After being unsuccessfully marketed as "DUI Highway Death-Orgy", Kenner wizened up and re-titled the toy SSP Smash Up Derby. These were the epitome of awesome. You and a buddy would put a ripcord into the back of your car and pull it out, causing the back tires to whiz real fast and smash into the other vehicle. Spring loaded pieces would fly off as you'd laugh and laugh and laugh. I used to take my mom's James Dean and Jayne Mansfield collector figurines and reenact their famous accidents. Though it's pretty hard to get Jayne's head back on after the first time.
Everyone's played with toy at least once in their life. Believe it or not, the original version just had the plastic accessories and you were supposed to stick them in a real potato. I remember my Mr. Potato Head came with a felt mustache, but I had to throw it away cause I stuck into my own nose and it got coated with globs of snot.
We were too poor to afford an ant-farm so we used the corpse of an old hobo and had a maggot Farm alternative that was equally educational and frankly more fun to sleep with at night time.

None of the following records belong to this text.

text \<open>Since U \<inter> T2 = 0, the first projection maps U bijectively onto T1.\<close>

lemma proj1_inj_on_U: "inj_on proj1 U"
proof (rule inj_onI)
  fix u u' assume h: "u \<in> U" "u' \<in> U" "proj1 u = proj1 u'"
  have "u - u' = proj2 u - proj2 u'" using h(3) proj(3)[of u] proj(3)[of u'] by (metis add_diff_cancel_left)
  then have "u - u' \<in> T2" using T2.diff proj(2) by metis
  moreover have "u - u' \<in> U" using U.diff h by blast
  ultimately have "u - u' = 0" using transversal_props(3)[OF T2] by blast
  then show "u = u'" by simp
qed

lemma proj1_U: "proj1 ` U = T1"
proof -
  have "card (proj1 ` U) = card T1"
    using card_image[OF proj1_inj_on_U] card_U transversal_props(2)[OF T1] by simp
  moreover have "proj1 ` U \<subseteq> T1" using proj(1) by blast
  ultimately show ?thesis using card_subset_eq[of T1 "proj1 ` U"] by simp
qed

lemma U_member_by_projection:
  assumes z: "z \<in> U" and s: "s \<in> S" and pz: "proj1 z \<in> s" shows "z \<in> s"
proof (cases "z = 0")
  case True then show ?thesis using S_zero[OF s] by simp
next
  case False
  then obtain s' where s': "s' \<in> S" "z \<in> s'" using U_covered z by blast
  have "proj1 z \<noteq> 0"
  proof
    assume "proj1 z = 0"
    then have "z \<in> T2" using proj(2,3)[of z] by simp
    then show False using transversal_props(3)[OF T2] z False by blast
  qed
  moreover have "proj1 z \<in> s'" using proj_line[OF s'] by blast
  ultimately have "s' = s" using S_disjoint[OF s'(1) s] pz by blast
  then show ?thesis using s' by simp
qed

text \<open>Write the vector as u' + u'' with u' \<in> U chosen so that
  proj1 u' = a proj1 u1; then u' \<in> s1, u'' \<in> s2, and comparing second projections inside the
  disjoint lines s1, s2 gives u' = a u1.\<close>

lemma secant_coefficient:
  assumes s1: "s1 \<in> S" and s2: "s2 \<in> S" and ne: "s1 \<noteq> s2"
    and u1: "u1 \<in> U" "u1 \<in> s1" "u1 \<noteq> 0" and u2: "u2 \<in> U" "u2 \<in> s2"
    and uU: "smul a u1 + smul b u2 \<in> U"
  shows "a \<in> K"
proof -
  interpret s1: subspace_over UNIV s1 using S_line(1)[OF s1] by (rule subspace_overI)
  interpret s2: subspace_over UNIV s2 using S_line(1)[OF s2] by (rule subspace_overI)
  have p1: "proj1 u1 \<in> s1" "proj2 u1 \<in> s1" using proj_line[OF s1 u1(2)] by blast+
  have p2: "proj1 u2 \<in> s2" "proj2 u2 \<in> s2" using proj_line[OF s2 u2(2)] by blast+
  have "smul a (proj1 u1) \<in> T1" using T1.smul proj(1) by blast
  then obtain u' where u': "u' \<in> U" "proj1 u' = smul a (proj1 u1)" using proj1_U by (metis imageE)
  have u's1: "u' \<in> s1" using U_member_by_projection[OF u'(1) s1] u'(2) s1.smul p1(1) by simp
  define u'' where "u'' = smul a u1 + smul b u2 - u'"
  have u''U: "u'' \<in> U" unfolding u''_def using U.diff uU u'(1) by blast
  have "proj1 u'' = smul b (proj1 u2)" unfolding u''_def proj_diff proj_linear u'(2) by simp
  then have "u'' \<in> s2" using U_member_by_projection[OF u''U s2] s2.smul p2(1) by simp
  define z where "z = smul a (proj2 u1) - proj2 u'"
  have "z \<in> s1" unfolding z_def using s1.diff s1.smul p1(2) proj_line[OF s1 u's1] by simp
  moreover have "z = proj2 u'' - smul b (proj2 u2)"
    unfolding z_def u''_def proj_diff proj_linear by (simp add: algebra_simps)
  then have "z \<in> s2" using s2.diff s2.smul p2(2) proj_line[OF s2 \<open>u'' \<in> s2\<close>] by simp
  ultimately have "z = 0" using S_disjoint[OF s1 s2 ne] by blast
  then have "proj2 u' = smul a (proj2 u1)" unfolding z_def by simp
  then have "u' = smul a u1" using proj(3)[of u'] proj(3)[of u1] u'(2) by (metis smul_add)
  then show "a \<in> K" using scattered_scalar[OF sf U_subspace U_scattered u1(1) u1(3)] u'(1) by simp
qed

text \<open>Otherwise it meets two lines s1, s2 of S in
  vectors u1, u2 of U spanning it, and all its vectors in U are K-combinations of u1, u2, which
  are only q^2 < q^t many.\<close>

lemma weight_t_line_in_S:
  assumes l: "Ksubspace UNIV l" and cl: "card l = CARD('a) ^ 2" and clU: "card (l \<inter> U) = CARD('a)"
  shows "l \<in> S"
proof -
  obtain u1 where u1: "u1 \<in> l" "u1 \<in> U" "u1 \<noteq> 0" using weight_t_line_U_vector[OF clU] by blast
  then obtain s1 where s1: "s1 \<in> S" "u1 \<in> s1" using U_covered by blast
  show ?thesis
  proof (cases "l \<inter> U \<subseteq> s1")
    case True
    then show ?thesis using line_within_member[OF l cl clU s1(1)] s1(1) by simp
  next
    case False
    then obtain u2 where u2: "u2 \<in> l" "u2 \<in> U" "u2 \<notin> s1" by blast
    then have u2_0: "u2 \<noteq> 0" using S_zero[OF s1(1)] by blast
    then obtain s2 where s2: "s2 \<in> S" "u2 \<in> s2" using U_covered u2 by blast
    have ne: "s1 \<noteq> s2" using s2 u2 by blast
    have "u2 \<notin> pt u1" using pt_subset[OF S_line(1)[OF s1(1)] s1(2)] u2(3) by blast
    then have span: "l = (\<lambda>(c, d). smul c u1 + smul d u2) ` (UNIV \<times> UNIV)"
      using line_span_two[OF l cl u1(1) u2(1) u1(3)] by blast
    have "l \<inter> U \<subseteq> (\<lambda>(c, d). smul c u1 + smul d u2) ` (K \<times> K)"
    proof
      fix u assume u: "u \<in> l \<inter> U"
      then obtain a b where ab: "u = smul a u1 + smul b u2" using span by auto
      have uU: "smul a u1 + smul b u2 \<in> U" using u ab by simp
      then have "a \<in> K" by (rule secant_coefficient[OF s1(1) s2(1) ne u1(2) s1(2) u1(3) u2(2) s2(2)])
      moreover have "smul b u2 + smul a u1 \<in> U" using uU by (simp add: add.commute)
      then have "b \<in> K" by (rule secant_coefficient[OF s2(1) s1(1) ne[symmetric] u2(2) s2(2) u2_0 u1(2) s1(2)])
      ultimately show "u \<in> (\<lambda>(c, d). smul c u1 + smul d u2) ` (K \<times> K)" using ab by auto
    qed
    then have "card (l \<inter> U) \<le> card ((\<lambda>(c, d). smul c u1 + smul d u2) ` (K \<times> K))"
      by (simp add: card_mono)
    also have "\<dots> \<le> card K * card K" using card_image_le[of "K \<times> K"] by (simp add: card_cartesian_product)
    finally show ?thesis using clU q_sq_less_Q by simp
  qed
qed

end

context pseudoregulus_setting
begin

lemma S_eq_weight_t_lines: "S = {s. is_line s \<and> weight K U s = t}"
proof
  show "S \<subseteq> {s. is_line s \<and> weight K U s = t}" using pr by (auto simp: pseudoregulus_type_def)
  show "{s. is_line s \<and> weight K U s = t} \<subseteq> S"
  proof
    fix l assume "l \<in> {s. is_line s \<and> weight K U s = t}"
    then have l: "is_line l" "weight K U l = t" by auto
    have ks: "Ksubspace UNIV l" using l by (simp add: is_line_def proj_subspace_def)
    have cl: "card l = CARD('a) ^ 2" using l card_subspace[OF subfield_UNIV ks]
      by (simp add: is_line_def proj_subspace_def power2_eq_square)
    have clU: "card (l \<inter> U) = CARD('a)"
      using l card_subspace[OF sf Ksubspace_Int[OF Ksubspace_UNIV_imp[OF ks] U_subspace]] card_F
      by (simp add: weight_def)
    have "card (transversals n U S) = 2" using pr by (simp add: pseudoregulus_type_def)
    then obtain T1 T2 where "transversals n U S = {T1, T2}" "T1 \<noteq> T2" by (auto simp: card_2_iff)
    then interpret two_transversals K U S n t T1 T2 by unfold_locales auto
    show "l \<in> S" using weight_t_line_in_S[OF ks cl clU] .
  qed
qed

end

theorem corollary3p3:
  fixes K :: "'a::{field,finite} set"
    and U :: "('m::finite \<Rightarrow> 'a) set"
    and S :: "('m \<Rightarrow> 'a) set set"
    and n t :: nat
  assumes "n \<ge> 2" and "t \<ge> 3"
    and "subfield K" and "card (UNIV :: 'a set) = card K ^ t"
    and "card (UNIV :: 'm set) = 2 * n"
    and "pseudoregulus_type K n t U S"
  shows "S = {s. is_line s \<and> weight K U s = t}
    \<and> (\<forall>U' S'. pseudoregulus_type K n t U' S' \<and> linset U' = linset U
          \<longrightarrow> S' = S \<and> transversals n U' S' = transversals n U S)"
proof (intro conjI allI impI)
  interpret P: pseudoregulus_setting K U S n t using assms by unfold_locales
  show S: "S = {s. is_line s \<and> weight K U s = t}" by (rule P.S_eq_weight_t_lines)
  fix U' S' assume h: "pseudoregulus_type K n t U' S' \<and> linset U' = linset U"
  interpret P': pseudoregulus_setting K U' S' n t using assms h by unfold_locales auto
  have "weight K U' l = weight K U l" if "is_line l" for l
    using weight_linset_eq[OF assms(3) P.U_subspace P.U_scattered P'.U_subspace P'.U_scattered] h that
    by (simp add: is_line_def proj_subspace_def)
  then show "S' = S" unfolding S P'.S_eq_weight_t_lines by auto
  then show "transversals n U' S' = transversals n U S" using h by (simp add: transversals_def)
qed

end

There was something totally cool about making your own snow cones, that made The Snoopy Snow cone Machine a great toy to have. All you needed was a few ice cubes, and the strength of 20 men to push down on it hard enough while you turned the crank and got a shot glass sized sample of snow to dump Kool-Aid on. Thanks, Snoopy!
Candy Land's color based game play made it so you didn't have to know how to read or count to play the thing, which makes it great young kids who are just learning to play games for the first time, and people from West Virginia.
Before videogames like Street Fighter and Mortal Kombat, you had this awesome toy! Nothing could beat that great "SKIZZZZZZZZZZZZZZZ" sound it would make when you'd give that perfect red-fisted uppercut to the blue robot. If only our world leaders could settle their differences with Rock 'Em Sock 'Em Robots, we'd be living in a happy world indeed.
This was perhaps the first toy whose demand was so strong, it encouraged parents to beat the shit out of each other in toy stores to get them. The original dolls were kind of neat, complete with their unique names and adoption certificates, but it wasn't until they made the famous Snack-Time Cabbage Patch Kid, that it achieved its true level of coolness. A motor in their mouth would let them eat french fries, but when a lock of hair got stuck inside, they hungry doll would gulp it down clear to the poor kid's scalp. There is no truth to the rumor that Michael Jackson asked Coleco to modify the model and produce a "Cock Gobblin' Kid", however.
Back in Abe Lincoln's day, they were just called "Logs", but this toy has persevered through the ages so kids can have hours of fun making log cabins. Unlike Legos, Lincoln Logs never had much success with their movie tie-in kits, with the Star Wars Lincoln Log set providing mostly confusion to kids trying to fashion a Death Star out of notched wooden logs.
Long before Gameboy, (or something called graphics, for that matter), was the original handheld game, Mattel's Electronic Football. The action was limited to moving indiscernible dots on a playing field, but it was still more exciting than watching The Cincinnati Bengals play in real life.
Smurfs were a great collectible for the little girls and gay boys in my neighborhood growing up. With over 2,000 different characters from Brainy Smurf to Colostomy Smurf, it was nearly impossible to collect them all, but it was fun to try. And who could forget their wonderful theme song, "La la la la la la, la la la la la!" I haven't heard lyrics that cool since Mon Chi Chi was taken off the market.